The general principle is simple: the more expensive the vehicle, the higher the annual insurance cost and the greater the amount lost over time to depreciation. For that reason, a more compact electric utility vehicle often compares more favourably here too than a traditional petrol work vehicle.
In this model, insurance is added at 3.5% of the vehicle’s value per year, and depreciation is calculated at 15% of the vehicle’s value in year one. These are assumptions, but they help make the comparison more realistic.
Result: monthly and annual costs
With the assumptions above, the comparison looks as follows:
| Cost category | Petrol: per month | Petrol: per year | Electric: per month | Electric: per year |
|---|---|---|---|---|
| Energy: fuel/electricity | R1,892 | R22,706 | R234 | R2,810 |
| Maintenance (budgeted) | R417 | R5,000 | R167 | R2,000 |
| Insurance (3.5%/year, assumption) | R715 | R8,586 | R126 | R1,517 |
| Depreciation (15%/year, assumption) | R3,066 | R36,795 | R542 | R6,503 |
| Total (rounded) | R6,091 | R73,086 | R1,069 | R12,831 |
The one-year difference is greater than many expect
With this model, the estimated annual difference between petrol and electric is approximately R60,255. The biggest difference is the energy cost per kilometre, but the gap widens further when maintenance, insurance and depreciation are included.
Even if your specific usage profile looks slightly different, the core truth remains the same: in short, repetitive work on a site, the running costs of an electric utility vehicle is significantly lower than those of a petrol vehicle.

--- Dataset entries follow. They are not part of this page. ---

lemma group_AutGroup:
  assumes M: "tsubmodule M"
  shows "group (AutGroup M)"
proof (rule groupI)
  fix f g assume "f \<in> carrier (AutGroup M)" "g \<in> carrier (AutGroup M)"
  then show "f \<otimes>\<^bsub>AutGroup M\<^esub> g \<in> carrier (AutGroup M)"
    by (simp add: AutGroup_def tAut_iff compose_Bij tlinear_on_compose[OF M] Bij_imp_funcset)
next
  have "tlinear_on M (restrict id M)"
    using M by (simp add: tlinear_on_def tsubmodule_def)
  then show "\<one>\<^bsub>AutGroup M\<^esub> \<in> carrier (AutGroup M)"
    using id_Bij[of M] by (simp add: AutGroup_def tAut_iff restrict_def id_def)
next
  fix f g h assume "h \<in> carrier (AutGroup M)"
  then have "h \<in> M \<rightarrow> M" by (simp add: AutGroup_def tAut_iff Bij_imp_funcset)
  then show "f \<otimes>\<^bsub>AutGroup M\<^esub> g \<otimes>\<^bsub>AutGroup M\<^esub> h = f \<otimes>\<^bsub>AutGroup M\<^esub> (g \<otimes>\<^bsub>AutGroup M\<^esub> h)"
    by (simp add: AutGroup_def compose_assoc)
next
  fix f assume "f \<in> carrier (AutGroup M)"
  then have f: "f \<in> Bij M" "tlinear_on M f" by (simp_all add: AutGroup_def tAut_iff)
  then show "\<one>\<^bsub>AutGroup M\<^esub> \<otimes>\<^bsub>AutGroup M\<^esub> f = f"
    using Id_compose[of f M M]
    by (simp add: AutGroup_def Bij_imp_funcset Bij_imp_extensional restrict_def id_def)
  have "restrict (inv_into M f) M \<in> tAut M"
    using f M restrict_inv_into_Bij[OF f(1)]
    by (simp add: tAut_iff tlinear_on_restrict_inv_into Bij_def)
  moreover have "compose M (restrict (inv_into M f) M) f = restrict id M"
    using Bij_compose_restrict_eq[OF f(1)] by (simp add: restrict_def id_def)
  ultimately show "\<exists>g\<in>carrier (AutGroup M). g \<otimes>\<^bsub>AutGroup M\<^esub> f = \<one>\<^bsub>AutGroup M\<^esub>"
    by (auto simp: AutGroup_def)
qed

lemma Hclass_iff:
  assumes idem: "tmult E E = E"
  shows "A \<in> Hclass E \<longleftrightarrow>
    tmult E A = A \<and> tmult A E = A \<and> (\<exists>Y. tmult A Y = E) \<and> (\<exists>Z. tmult Z A = E)"
proof
  assume "A \<in> Hclass E"
  hence R: "(A = E \<or> (\<exists>X. A = tmult E X)) \<and> (E = A \<or> (\<exists>Y. E = tmult A Y))"
    and L: "(A = E \<or> (\<exists>X. A = tmult X E)) \<and> (E = A \<or> (\<exists>Z. E = tmult Z A))"
    by (auto simp: Hclass_def greenH_def greenR_def greenL_def)
  moreover have "tmult E A = A" using R idem by (metis tmult_assoc)
  moreover have "tmult A E = A" using L idem by (metis tmult_assoc)
  ultimately show "tmult E A = A \<and> tmult A E = A \<and> (\<exists>Y. tmult A Y = E) \<and> (\<exists>Z. tmult Z A = E)"
    by metis
next
  assume "tmult E A = A \<and> tmult A E = A \<and> (\<exists>Y. tmult A Y = E) \<and> (\<exists>Z. tmult Z A = E)"
  then show "A \<in> Hclass E"
    by (auto simp: Hclass_def greenH_def greenR_def greenL_def) metis+
qed

lemma tAut_into: "f \<in> tAut M \<Longrightarrow> x \<in> M \<Longrightarrow> f x \<in> M"
  by (auto simp: tAut_def bij_betw_apply)

lemma tAut_colspace_eq_tmv:
  "tmult E E = E \<Longrightarrow> f \<in> tAut (colspace E) \<Longrightarrow> x \<in> colspace E \<Longrightarrow> f x = tmv (psi E f) x"
  by (rule tlinear_on_colspace_eq_tmv) (simp_all add: tAut_iff)

lemma psi_compose:
  assumes idem: "tmult E E = E" and f: "f \<in> tAut (colspace E)" and g: "g \<in> tAut (colspace E)"
  shows "psi E (compose (colspace E) f g) = tmult (psi E f) (psi E g)"
proof (rule tmat_eq_colI)
  fix j
  have "col (psi E (compose (colspace E) f g)) j = f (g (col E j))"
    by (simp add: col_psi compose_def col_in_colspace)
  also have "\<dots> = tmv (psi E f) (col (psi E g) j)"
    by (simp add: tAut_colspace_eq_tmv[OF idem f] tAut_into[OF g] col_in_colspace col_psi)
  finally show "col (psi E (compose (colspace E) f g)) j = col (tmult (psi E f) (psi E g)) j"
    by (simp add: col_tmult)
qed

lemma psi_restrict_id: "psi E (restrict id (colspace E)) = E"
  by (rule tmat_eq_colI) (simp add: col_psi col_in_colspace)

lemma psi_in_Hclass:
  assumes idem: "tmult E E = E" and f: "f \<in> tAut (colspace E)"
  shows "psi E f \<in> Hclass E"
proof -
  interpret G: group "AutGroup (colspace E)" by (rule group_AutGroup[OF tsubmodule_colspace])
  have fG: "f \<in> carrier (AutGroup (colspace E))" using f by (simp add: AutGroup_def)
  define g where "g = inv\<^bsub>AutGroup (colspace E)\<^esub> f"
  have g: "g \<in> tAut (colspace E)" using G.inv_closed[OF fG] by (simp add: g_def AutGroup_def)
  have "compose (colspace E) g f = restrict id (colspace E)"
    "compose (colspace E) f g = restrict id (colspace E)"
    using G.l_inv[OF fG] G.r_inv[OF fG] by (simp_all add: g_def AutGroup_def)
  then have "tmult (psi E g) (psi E f) = E" "tmult (psi E f) (psi E g) = E"
    by (simp_all add: psi_restrict_id flip: psi_compose[OF idem f g] psi_compose[OF idem g f])
  moreover have "tmult E (psi E f) = psi E f"
    by (rule tmat_eq_colI)
      (simp add: col_tmult col_psi tmv_idem_colspace[OF idem] tAut_into[OF f] col_in_colspace)
  moreover have "tmult (psi E f) E = psi E f"
    by (rule tmat_eq_colI) (simp add: col_tmult col_psi tAut_colspace_eq_tmv[OF idem f] col_in_colspace)
  ultimately show ?thesis unfolding Hclass_iff[OF idem] by blast
qed

text \<open>The one-sided inverses \<open>Z A = E = A Y\<close> provide a left inverse \<open>x \<mapsto> Z x\<close> of
  \<open>x \<mapsto> A x\<close> on \<open>C(E)\<close> and a preimage \<open>E Y z\<close> of each \<open>z \<in> C(E)\<close>.\<close>
lemma restrict_tmv_in_tAut:
  assumes idem: "tmult E E = E" and A: "A \<in> Hclass E"
  shows "restrict (tmv A) (colspace E) \<in> tAut (colspace E)"
proof -
  obtain Y Z where a: "tmult E A = A" "tmult A E = A" "tmult A Y = E" "tmult Z A = E"
    using A by (auto simp: Hclass_iff[OF idem])
  let ?M = "colspace E"
  have into: "tmv A x \<in> ?M" for x
    using tmv_in_colspace[of E "tmv A x"] by (simp add: a(1) flip: tmv_tmult)
  have "inj_on (tmv A) ?M"
  proof (rule inj_on_inverseI)
    show "tmv Z (tmv A x) = x" if "x \<in> ?M" for x
      using that by (simp add: a(4) tmv_idem_colspace[OF idem] flip: tmv_tmult)
  qed
  moreover have "z \<in> tmv A ` ?M" if "z \<in> ?M" for z
  proof -
    have "z = tmv (tmult (tmult A E) Y) z" using tmv_idem_colspace[OF idem that] by (simp add: a(2,3))
    then have "z = tmv A (tmv E (tmv Y z))" by (simp add: tmv_tmult)
    then show ?thesis using tmv_in_colspace by blast
  qed
  ultimately have "bij_betw (tmv A) ?M ?M" using into by (auto simp: bij_betw_def)
  then have "restrict (tmv A) ?M \<in> Bij ?M"
    by (simp add: Bij_def bij_betw_cong[of ?M "restrict (tmv A) ?M" "tmv A"])
  moreover have "tlinear_on ?M (restrict (tmv A) ?M)"
    using tsubmodule_colspace[of E] by (simp add: tlinear_on_def tsubmodule_def tmv_tplus tmv_tscale)
  ultimately show ?thesis by (simp add: tAut_iff)
qed

lemma psi_restrict_tmv:
  assumes "tmult A E = A"
  shows "psi E (restrict (tmv A) (colspace E)) = A"
  by (rule tmat_eq_colI) (simp add: col_psi col_in_colspace assms flip: col_tmult)

lemma psi_iso:
  assumes idem: "tmult E E = E"
  shows "psi E \<in> iso (AutGroup (colspace E)) (HGroup E)"
proof (rule isoI)
  show "psi E \<in> hom (AutGroup (colspace E)) (HGroup E)"
    by (rule homI) (simp_all add: AutGroup_def HGroup_def psi_in_Hclass[OF idem] psi_compose[OF idem])
  have "inj_on (psi E) (tAut (colspace E))"
  proof (rule inj_onI)
    fix f g assume f: "f \<in> tAut (colspace E)" and g: "g \<in> tAut (colspace E)" and "psi E f = psi E g"
    then have "f x = g x" if "x \<in> colspace E" for x
      using that by (simp add: tAut_colspace_eq_tmv[OF idem])
    then show "f = g" using f g by (auto simp: tAut_def intro: extensionalityI)
  qed
  moreover have "A \<in> psi E ` tAut (colspace E)" if A: "A \<in> Hclass E" for A
  proof (rule image_eqI)
    show "A = psi E (restrict (tmv A) (colspace E))"
      using A by (simp add: psi_restrict_tmv Hclass_iff[OF idem])
  qed (rule restrict_tmv_in_tAut[OF idem A])
  ultimately show "bij_betw (psi E) (carrier (AutGroup (colspace E))) (carrier (HGroup E))"
    using psi_in_Hclass[OF idem] by (auto simp: bij_betw_def AutGroup_def HGroup_def)
qed
lemma occ_drop_le:
  assumes "w \<noteq> []"
  shows "occ w (drop n x) \<le> occ w x"
proof -
  have "occurrences w (drop n x) \<subseteq> (\<lambda>i. i - n) ` occurrences w x"
  proof
    fix i assume "i \<in> occurrences w (drop n x)"
    then have "i + n \<in> occurrences w x"
      using assms by (cases "n \<le> length x") (auto simp: occurrences_def add.commute)
    then show "i \<in> (\<lambda>i. i - n) ` occurrences w x"
      by (rule rev_image_eqI) simp
  qed
  then show ?thesis
    unfolding occ_def by (meson card_image_le card_mono finite_imageI finite_occurrences order_trans)
qed

lemma occ_append_ge:
  assumes "w \<noteq> []"
  shows "occ w u + occ w v \<le> occ w (u @ v)"
proof -
  let ?V = "(\<lambda>i. i + length u) ` occurrences w v"
  have "occurrences w u \<inter> ?V = {}"
    using assms by (auto simp: occurrences_def)
  then have "occ w u + occ w v = card (occurrences w u \<union> ?V)"
    unfolding occ_def by (simp add: card_Un_disjoint finite_occurrences card_image)
  also have "\<dots> \<le> occ w (u @ v)"
    unfolding occ_def by (rule card_mono[OF finite_occurrences]) (auto simp: occurrences_def)
  finally show ?thesis .
qed

lemma occ_append_le: "occ w (u @ v) \<le> occ w u + occ w v + length w"
proof -
  let ?V = "(\<lambda>i. i + length u) ` occurrences w v"
  let ?straddle = "{length u - length w..<length u}"
  have "occurrences w (u @ v) \<subseteq> occurrences w u \<union> ?V \<union> ?straddle"
  proof
    fix i assume i: "i \<in> occurrences w (u @ v)"
    show "i \<in> occurrences w u \<union> ?V \<union> ?straddle"
    proof (cases "length u \<le> i")
      case True
      then have "i - length u \<in> occurrences w v"
        using i by (auto simp: occurrences_def)
      then show ?thesis
        using True by (auto intro: rev_image_eqI[of "i - length u"])
    qed (use i in \<open>auto simp: occurrences_def\<close>)
  qed
  then have "occ w (u @ v) \<le> card (occurrences w u \<union> ?V \<union> ?straddle)"
    unfolding occ_def by (intro card_mono) (auto simp: finite_occurrences)
  also have "\<dots> \<le> card (occurrences w u) + card ?V + card ?straddle"
    by (meson card_Un_le add_le_mono order_trans order_refl)
  also have "\<dots> \<le> occ w u + occ w v + length w"
    unfolding occ_def by (intro add_mono card_image_le) (auto simp: finite_occurrences)
  finally show ?thesis .
qed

Where this comparison makes the most sense
This kind of analysis is therefore most useful in environments where vehicles are not used for long-distance travel, but for constant, functional movement around a site. This includes farms, warehouses, estates, golf courses and resorts.
In these environments, the goal is not top speed. The goal is availability, low running costs and work that gets done reliably every day. That is exactly where a vehicle from Lekkewaan fits in: as a tool that makes work easier, not more expensive.
Purchase price is not the whole story.
The biggest mistake businesses make is to look only at the purchase price. The question is not: What does the vehicle cost today? The right question is: What will the vehicle cost me over a year of work?
When that question is answered honestly, electric utility vehicles look very strong. Lower energy costs, less maintenance and better predictability make a real difference to the budget. For many businesses, the shift to electric is therefore no longer just an idealistic step — it is a financially sound decision.